Which is why Michiganians should embrace the recently-released report and sweeping recommendations of the Judicial Selection Task Force, a commission charged with scrutinizing, and proposing reforms to, our state's system of electing judges. That report can be read here.

When the task force's formation was announced in December 2010, partisan warriors predictably whetted their spears and swords.

One critic tarred the task force as an anti-democratic assault on judicial elections by "liberal elites who think they should be the ones to decide who sits on the bench."

Others claimed that the panel would serve as a stalking horse for "merit selection," which favors contested judicial elections and instead requires governors to appoint judges from short lists of candidates vetted by nonpartisan commissions.

These attacks were wildly off-base.

The task force was the brainchild of the Hon.
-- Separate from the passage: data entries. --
(* There exist constants $E,A'>0$ independent of $h$ and $T$, and $h_0,T_0>0$, such that for all $0<h<h_0$ and $T>T_0$, writing $N=[T/h]$, $e_i=v_i^{\{h,T\}}-v_i^{\{h,\infty\}}$ and $e_i=e_i^++e_i^-+e_i^0$ with $e_i^\pm\in V^\pm(u_i)$, $e_i^0\in V^0(u_i)$, one has $$\max_{1\le i\le N}\|e_i^+\|\le E\sqrt T,\qquad \max_{1\le i\le N}\|e_i^-\|\le E\sqrt T,$$ and consequently $$\Big|\frac hT\sum_{i=1}^{N}DJ(u_i,0)\big(e_i^++e_i^-\big)\Big|\le\frac{A'}{\sqrt T}.$$
   Context: Setting: ODE $\frac{du}{dt}=f(u,s)$ on $\mathbb{R}^m$ with flow $\varphi_s(u,t)$, $(s,u,t)\mapsto\varphi_s(u,t)$ of class $C^2$, $\varphi_s(u,0)=u$, $\partial_h\varphi_s(u,h)=f(\varphi_s(u,h),s)$; compact uniformly hyperbolic attractor $\Lambda$ at $s=0$ with constants $C>0$, $\lambda\in(0,1)$ and continuous splitting $\mathbb{R}^m=V^+(u)\oplus V^-(u)\oplus V^0(u)$, invariant under $D\varphi_0(u,h)$, where $V^+(u)=\{v:\|D\varphi_0(u,t)v\|\le C\lambda^{-t}\|v\|\ \forall t<0\}$, $V^-(u)=\{v:\|D\varphi_0(u,t)v\|\le C\lambda^{t}\|v\|\ \forall t>0\}$, $V^0(u)=\mathrm{span}f(u,0)$; also $\partial_h\partial_s\varphi_0$ continuous, so that the shadowing direction is bounded independently of $h$. $J$ is $C^1$ with $u$-derivative $DJ$. Fix $\alpha>0$, $h>0$, $T>0$, $\{u_i\}_{i\in\mathbb{Z}}\subset\Lambda$ with $u_{i+1}=\varphi_0(u_i,h)$. $(v_i^{\{h,T\}},\eta_i^{\{h,T\}})_{i=1}^{N}$ solves $\min\sum_{i=1}^N(\|v_i\|^2+\alpha\eta_i^2)$ subject to $v_{i+1}=D\varphi_0(u_i,h)v_i+\partial_s\varphi_0(u_i,h)+h\eta_i\partial_h\varphi_0(u_i,h)$. $(v_i^{\{h,\infty\}},\eta_i^{\{h,\infty\}})$ is the shadowing direction, i.e. $\big(\frac{du_i^s}{ds},\frac{d\tau_i^s}{ds}\big)|_{s=0}$ where $(u_i^s,\tau_i^s)$ is the shadowing trajectory: the sequence, close to $(u_i,1)$ uniformly in $i$, with $u_i^s=\varphi_s(u_{i-1}^s,h\tau_{i-1}^s)$, depending $i$-uniformly $C^1$ on $s$. *)

theory Defs
  imports "HOL-Analysis.Analysis"
begin

definition C1_map :: "('a::real_normed_vector \<Rightarrow> 'b::real_normed_vector) \<Rightarrow> bool" where
  "C1_map g \<longleftrightarrow> (\<exists>g'. (\<forall>x. (g has_derivative blinfun_apply (g' x)) (at x)) \<and> continuous_on UNIV g')"

definition C2_map :: "('a::real_normed_vector \<Rightarrow> 'b::real_normed_vector) \<Rightarrow> bool" where
  "C2_map g \<longleftrightarrow> (\<exists>g'. (\<forall>x. (g has_derivative blinfun_apply (g' x)) (at x)) \<and> C1_map g')"

definition V0 :: "('a::real_normed_vector \<Rightarrow> real \<Rightarrow> 'a) \<Rightarrow> 'a \<Rightarrow> 'a set" where
  "V0 f u = span {f u 0}"

text \<open>Dphi u t is the u-derivative of phi_0 at (u,t).\<close>

definition hyperbolic_splitting ::
  "('a::euclidean_space \<Rightarrow> real \<Rightarrow> 'a) \<Rightarrow> (real \<Rightarrow> 'a \<Rightarrow> real \<Rightarrow> 'a) \<Rightarrow> ('a \<Rightarrow> real \<Rightarrow> 'a \<Rightarrow>\<^sub>L 'a)
    \<Rightarrow> 'a set \<Rightarrow> real \<Rightarrow> real \<Rightarrow> ('a \<Rightarrow> 'a set) \<Rightarrow> ('a \<Rightarrow> 'a set) \<Rightarrow> bool" where
  "hyperbolic_splitting f phi Dphi Lambda C lam Vp Vm \<longleftrightarrow>
     (\<forall>u\<in>Lambda. subspace (Vp u) \<and> subspace (Vm u)) \<and>
     (\<forall>u\<in>Lambda. \<forall>a\<in>Vp u. \<forall>b\<in>Vm u. \<forall>c\<in>V0 f u. a + b + c = 0 \<longrightarrow> a = 0 \<and> b = 0 \<and> c = 0) \<and>
     (\<exists>Pp Pm Pz :: 'a \<Rightarrow> 'a \<Rightarrow>\<^sub>L 'a.
        continuous_on Lambda Pp \<and> continuous_on Lambda Pm \<and> continuous_on Lambda Pz \<and>
        (\<forall>u\<in>Lambda. \<forall>v. Pp u v \<in> Vp u \<and> Pm u v \<in> Vm u \<and> Pz u v \<in> V0 f u
                         \<and> v = Pp u v + Pm u v + Pz u v)) \<and>
     (\<forall>u\<in>Lambda. \<forall>t. Dphi u t ` Vp u = Vp (phi 0 u t) \<and> Dphi u t ` Vm u = Vm (phi 0 u t)) \<and>
     (\<forall>u\<in>Lambda. \<forall>v\<in>Vp u. \<forall>t<0. norm (Dphi u t v) \<le> C * lam powr (- t) * norm v) \<and>
     (\<forall>u\<in>Lambda. \<forall>v\<in>Vm u. \<forall>t>0. norm (Dphi u t v) \<le> C * lam powr t * norm v)"

text \<open>Least squares shadowing problem on indices 1..N: constraint for 1 <= i < N,
  objective sum_{i=1}^N (|v_i|^2 + alpha eta_i^2).  dsphi u h = d/ds phi_s(u,h) at s=0,
  and d/dh phi_0(u,h) = f(phi_0(u,h),0).\<close>

definition lss_feasible ::
  "(real \<Rightarrow> 'a \<Rightarrow> real \<Rightarrow> 'a) \<Rightarrow> ('a::real_normed_vector \<Rightarrow> real \<Rightarrow> 'a) \<Rightarrow> ('a \<Rightarrow> real \<Rightarrow> 'a \<Rightarrow>\<^sub>L 'a)
    \<Rightarrow> ('a \<Rightarrow> real \<Rightarrow> 'a) \<Rightarrow> real \<Rightarrow> (int \<Rightarrow> 'a) \<Rightarrow> int \<Rightarrow> (int \<Rightarrow> 'a) \<Rightarrow> (int \<Rightarrow> real) \<Rightarrow> bool" where
  "lss_feasible phi f Dphi dsphi h u N v eta \<longleftrightarrow>
     (\<forall>i. 1 \<le> i \<and> i < N \<longrightarrow>
        v (i + 1) = Dphi (u i) h (v i) + dsphi (u i) h + (h * eta i) *\<^sub>R f (phi 0 (u i) h) 0)"

definition lss_objective :: "real \<Rightarrow> int \<Rightarrow> (int \<Rightarrow> 'a::real_normed_vector) \<Rightarrow> (int \<Rightarrow> real) \<Rightarrow> real" where
  "lss_objective alpha N v eta = (\<Sum>i\<in>{1..N}. (norm (v i))\<^sup>2 + alpha * (eta i)\<^sup>2)"

definition lss_solution ::
  "(real \<Rightarrow> 'a \<Rightarrow> real \<Rightarrow> 'a) \<Rightarrow> ('a::real_normed_vector \<Rightarrow> real \<Rightarrow> 'a) \<Rightarrow> ('a \<Rightarrow> real \<Rightarrow> 'a \<Rightarrow>\<^sub>L 'a)
    \<Rightarrow> ('a \<Rightarrow> real \<Rightarrow> 'a) \<Rightarrow> real \<Rightarrow> real \<Rightarrow> (int \<Rightarrow> 'a) \<Rightarrow> int \<Rightarrow> (int \<Rightarrow> 'a) \<Rightarrow> (int \<Rightarrow> real) \<Rightarrow> bool" where
  "lss_solution phi f Dphi dsphi alpha h u N v eta \<longleftrightarrow>
     lss_feasible phi f Dphi dsphi h u N v eta \<and>
     (\<forall>v' eta'. lss_feasible phi f Dphi dsphi h u N v' eta' \<longrightarrow>
        lss_objective alpha N v eta \<le> lss_objective alpha N v' eta')"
James Ryan, a senior judge of the United States Court of Appeals for the Sixth Circuit, and the Hon. Marilyn Kelly, a justice of the Michigan Supreme Court.
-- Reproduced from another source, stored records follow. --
lemma gap_over_pooled_sd_le_nu_chi_diff:
  fixes chi sigma2 nu :: "real \<Rightarrow> real" and Acts :: "real set"
  assumes chi_inj: "inj_on chi Acts"
    and sigma2_pos: "\<And>a. a \<in> Acts \<Longrightarrow> sigma2 a > 0"
    and sigma2_mono: "\<And>a a'. a \<in> Acts \<Longrightarrow> a' \<in> Acts \<Longrightarrow> chi a \<le> chi a' \<Longrightarrow> sigma2 a \<le> sigma2 a'"
    and interval: "is_interval (chi ` Acts)"
    and nu_deriv: "\<And>z. z \<in> chi ` Acts \<Longrightarrow>
      (nu has_real_derivative 1 / sqrt (sigma2 (the_inv_into Acts chi z))) (at z)"
    and convexity: "convex_on (chi ` Acts) nu \<or>
      (convex_on (chi ` Acts) (\<lambda>z. 1 / sqrt (sigma2 (the_inv_into Acts chi z))) \<and>
       convex_on (chi ` Acts) (\<lambda>z. sigma2 (the_inv_into Acts chi z)))"
    and "a \<in> Acts" "b \<in> Acts" "chi b \<le> chi a"
  shows "(chi a - chi b) / sqrt ((sigma2 a + sigma2 b) / 2) \<le> nu (chi a) - nu (chi b)"
proof -
  have inv_chi: "the_inv_into Acts chi (chi a) = a" if "a \<in> Acts" for a
    by (rule the_inv_into_f_f[OF chi_inj that])
  have inv_in: "the_inv_into Acts chi z \<in> Acts" if "z \<in> chi ` Acts" for z
    by (rule the_inv_into_into[OF chi_inj that subset_refl])
  have "chi a \<in> chi ` Acts" "chi b \<in> chi ` Acts" using assms(7,8) by auto
  then have sub: "{chi b..chi a} \<subseteq> chi ` Acts"
    using interval unfolding is_interval_1 by (meson atLeastAtMost_iff subsetI)
  have "(chi a - chi b) / sqrt ((sigma2 (the_inv_into Acts chi (chi a)) +
      sigma2 (the_inv_into Acts chi (chi b))) / 2) \<le> nu (chi a) - nu (chi b)"
  proof (rule gap_over_pooled_sd_le_diff)
    fix z assume "z \<in> {chi b..chi a}"
    with sub have "z \<in> chi ` Acts" by blast
    then show "(nu has_real_derivative 1 / sqrt (sigma2 (the_inv_into Acts chi z))) (at z)"
      "sigma2 (the_inv_into Acts chi z) > 0"
      by (simp_all add: nu_deriv sigma2_pos inv_in)
  next
    show "sigma2 (the_inv_into Acts chi (chi b)) \<le> sigma2 (the_inv_into Acts chi (chi a))"
      using assms(7-9) by (simp add: inv_chi sigma2_mono)
  next
    show "convex_on {chi b..chi a} nu \<or>
      (convex_on {chi b..chi a} (\<lambda>z. 1 / sqrt (sigma2 (the_inv_into Acts chi z))) \<and>
       convex_on {chi b..chi a} (\<lambda>z. sigma2 (the_inv_into Acts chi z)))"
      using convexity convex_on_subset[OF _ sub] by blast
  qed (rule assms(9))
  then show ?thesis using assms(7,8) by (simp add: inv_chi)
qed

lemma asym_normal_variance_stabilized:
  fixes As :: "'n::finite \<Rightarrow> real set" and chi sigma2 nu :: "real \<Rightarrow> real"
    and L :: "('n \<Rightarrow> real) \<Rightarrow> nat \<Rightarrow> ('n \<Rightarrow> real) measure"
  assumes L_prob: "\<And>A k. prob_space (L A k)"
    and L_sets: "\<And>A k. sets (L A k) = sets (Pi\<^sub>M UNIV (\<lambda>_. borel))"
    and asym: "asym_normal As L (\<lambda>A i. chi (A i)) (\<lambda>A i j. if i = j then sigma2 (A i) else 0)"
    and nu_meas: "nu \<in> borel_measurable borel"
    and sigma2_pos: "\<And>i a. a \<in> As i \<Longrightarrow> sigma2 a > 0"
    and nu_deriv: "\<And>i a. a \<in> As i \<Longrightarrow> (nu has_real_derivative 1 / sqrt (sigma2 a)) (at (chi a))"
  shows "asym_normal As (transform_design nu L) (\<lambda>A i. nu (chi (A i))) (\<lambda>A i j. if i = j then 1 else 0)"
proof -
  have unit_variance: "(1 / sqrt (sigma2 (A i)))\<^sup>2 * sigma2 (A i) = 1" if "admissible As A" for A i
    using sigma2_pos[of "A i" i] that by (simp add: admissible_def power_divide)
  have deriv: "(nu has_real_derivative 1 / sqrt (sigma2 (A i))) (at (chi (A i)))"
    if "admissible As A" for A i
    using nu_deriv[of "A i" i] that by (simp add: admissible_def)
  have "asym_normal As (transform_design nu L) (\<lambda>A i. nu (chi (A i)))
      (\<lambda>A i j. if i = j then (1 / sqrt (sigma2 (A i)))\<^sup>2 * sigma2 (A i) else 0)"
    by (rule asym_normal_delta_method[OF L_prob L_sets asym nu_meas])
      (simp_all add: deriv unit_variance)
  then show ?thesis
    by (rule asym_normal_cong) (simp_all add: fun_eq_iff unit_variance)
qed

lemma Phi_scaled_gap_le:
  assumes "(x - y) / sqrt ((u + v) / 2) \<le> D"
  shows "Phi (sqrt (real k) * (x - y) / sqrt (u + v)) \<le> Phi (sqrt (real k / 2) * D)"
proof (rule Phi_mono)
  have "sqrt (real k) * (x - y) / sqrt (u + v) = sqrt (real k / 2) * ((x - y) / sqrt ((u + v) / 2))"
    by (simp add: real_sqrt_divide)
  also have "\<dots> \<le> sqrt (real k / 2) * D"
    by (rule mult_left_mono[OF assms]) simp
  finally show "sqrt (real k) * (x - y) / sqrt (u + v) \<le> sqrt (real k / 2) * D" .
qed

theorem theorem3:
  fixes As :: "'n::finite \<Rightarrow> real set"
    and chi sigma2 nu :: "real \<Rightarrow> real"
    and L :: "('n \<Rightarrow> real) \<Rightarrow> nat \<Rightarrow> ('n \<Rightarrow> real) measure"
  defines "Acts \<equiv> (\<Union>i. As i)"
  defines "I \<equiv> chi ` Acts"
  defines "chi_inv \<equiv> the_inv_into Acts chi"
  assumes compact: "\<And>i. compact (As i)"
    and nonempty: "\<And>i. As i \<noteq> {}"
    and chi_cont: "continuous_on Acts chi"
    and chi_inj: "inj_on chi Acts"
    and sigma2_pos: "\<And>a. a \<in> Acts \<Longrightarrow> sigma2 a > 0"
    and sigma2_mono: "\<And>a a'. a \<in> Acts \<Longrightarrow> a' \<in> Acts \<Longrightarrow> chi a \<le> chi a' \<Longrightarrow> sigma2 a \<le> sigma2 a'"
    and I_interval: "is_interval I"
    and L_prob: "\<And>A k. prob_space (L A k)"
    and L_sets: "\<And>A k. sets (L A k) = sets (Pi\<^sub>M UNIV (\<lambda>_. borel))"
    and asym: "asym_normal As L (\<lambda>A i. chi (A i)) (\<lambda>A i j. if i = j then sigma2 (A i) else 0)"
    and IC: "design_IC As chi L"
    and nu_meas: "nu \<in> borel_measurable borel"
    and nu_deriv: "\<And>z. z \<in> I \<Longrightarrow> (nu has_real_derivative 1 / sqrt (sigma2 (chi_inv z))) (at z)"
    and convexity: "convex_on I nu \<or>
       (convex_on I (\<lambda>z. 1 / sqrt (sigma2 (chi_inv z))) \<and> convex_on I (\<lambda>z. sigma2 (chi_inv z)))"
  shows "design_IC As chi (transform_design nu L) \<and>
    (\<forall>k::nat. k > 0 \<longrightarrow> (\<forall>a b. a \<in> Acts \<longrightarrow> b \<in> Acts \<longrightarrow> chi a \<ge> chi b \<longrightarrow>
       Phi (sqrt (real k / 2) * (nu (chi a) - nu (chi b)))
         \<ge> Phi (sqrt (real k) * (chi a - chi b) / sqrt (sigma2 a + sigma2 b))))"
proof -
  have gap: "(chi a - chi b) / sqrt ((sigma2 a + sigma2 b) / 2) \<le> nu (chi a) - nu (chi b)"
    if "a \<in> Acts" "b \<in> Acts" "chi b \<le> chi a" for a b
    using gap_over_pooled_sd_le_nu_chi_diff[OF chi_inj sigma2_pos sigma2_mono I_interval[unfolded I_def]
        nu_deriv[unfolded I_def chi_inv_def] convexity[unfolded I_def chi_inv_def] that] .
  have "asym_normal As (transform_design nu L) (\<lambda>A i. nu (chi (A i))) (\<lambda>A i j. if i = j then 1 else 0)"
  proof (rule asym_normal_variance_stabilized[OF L_prob L_sets asym nu_meas])
    fix i a assume "a \<in> As i"
    then have "a \<in> Acts" by (auto simp: Acts_def)
    then show "sigma2 a > 0" "(nu has_real_derivative 1 / sqrt (sigma2 a)) (at (chi a))"
      using sigma2_pos nu_deriv[of "chi a"] the_inv_into_f_f[OF chi_inj] by (simp_all add: I_def chi_inv_def)
  qed
  then have "design_IC As chi (transform_design nu L)"
  proof (rule design_IC_if_identity_variance[where f = "\<lambda>a. nu (chi a)"])
    fix i a b assume "a \<in> As i" "b \<in> As i" "chi a \<le> chi b"
    then have "a \<in> Acts" "b \<in> Acts" by (auto simp: Acts_def)
    have "0 \<le> (chi b - chi a) / sqrt ((sigma2 b + sigma2 a) / 2)"
      using \<open>chi a \<le> chi b\<close> sigma2_pos[OF \<open>a \<in> Acts\<close>] sigma2_pos[OF \<open>b \<in> Acts\<close>] by simp
    also have "\<dots> \<le> nu (chi b) - nu (chi a)" by (rule gap) fact+
    finally show "nu (chi a) \<le> nu (chi b)" by simp
  qed
  with gap Phi_scaled_gap_le show ?thesis by auto
qed

end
Judge Ryan and Justice Kelly occupy entirely different places on the ideological spectrum. They worked to populate the panel they co-chaired with a passel of community leaders defined by their partisan and professional diversity.

The eclectic task force has spoken in a single voice, one reflecting a shared belief that Michigan's system of electing justices must be reformed, that it threatens to sabotage the all-important perception that state Supreme Court justices are independent.

The judiciary could no longer function were we to view judges as beholden to vested interests.

Courts' "authority, consisting of neither the purse nor the sword," U.S. Supreme Court Justice Felix Frankfurter once said, "rests ultimately on substantial public confidence in its moral sanction."

In Michigan, the public's faith that our judiciary is independent is challenged on many fronts. Candidates for the Michigan Supreme Court must win nominations from party convention delegates -- even though their names appear on the nonpartisan portion of the ballot.

And in recent years, spending on judicial campaigns by political parties and special interest groups has skyrocketed. In 2010, Supreme Court candidates and their supporters flooded the airwaves with almost $9 million in political ads, making Michigan's judicial races the most expensive in America.

Michigan's lax election laws often do not require disclosure of the names of the people who fund attack ads. Most spending in Michigan Supreme Court races is not publicly reported.

Voters lack access to reliable and informative information about judicial candidates, while shrinking news holes and budgets prevent the media from meaningfully covering judicial elections.

Most of us vote for judges in a state of ignorance. We pull levers for candidates whose names phonetically please us.

During our deliberations, the members of the task force did not shake fists. We did not accuse or talk over each other. And we did not engage in the gamesmanship now poisoning politics.

Instead, we arrived at our proposals by listening to each other and studying how other states successfully grapple with problems similar to ours.

Would that it were so in Lansing and Washington!

In the end, the task force issued a report from which no member dissented.

The report is a blueprint for better judicial elections.

It recommends, among other things: The public disclosure of all judicial campaign spending; the implementation of an open primary system (replacing Michigan's current practice of nominating justices at party conventions); the creation of two impartial citizen bodies -- one to monitor judicial campaign conduct and advertising, and another to screen candidates for interim appointment to fill Supreme Court vacancies; and the publication and dissemination of educational guides to help voters.

Because its decision-making process had integrity, because its report possesses the imprimatur of a group of ideologically unaligned leaders, we would be wise to listen to, and act on, the task force's recommendations.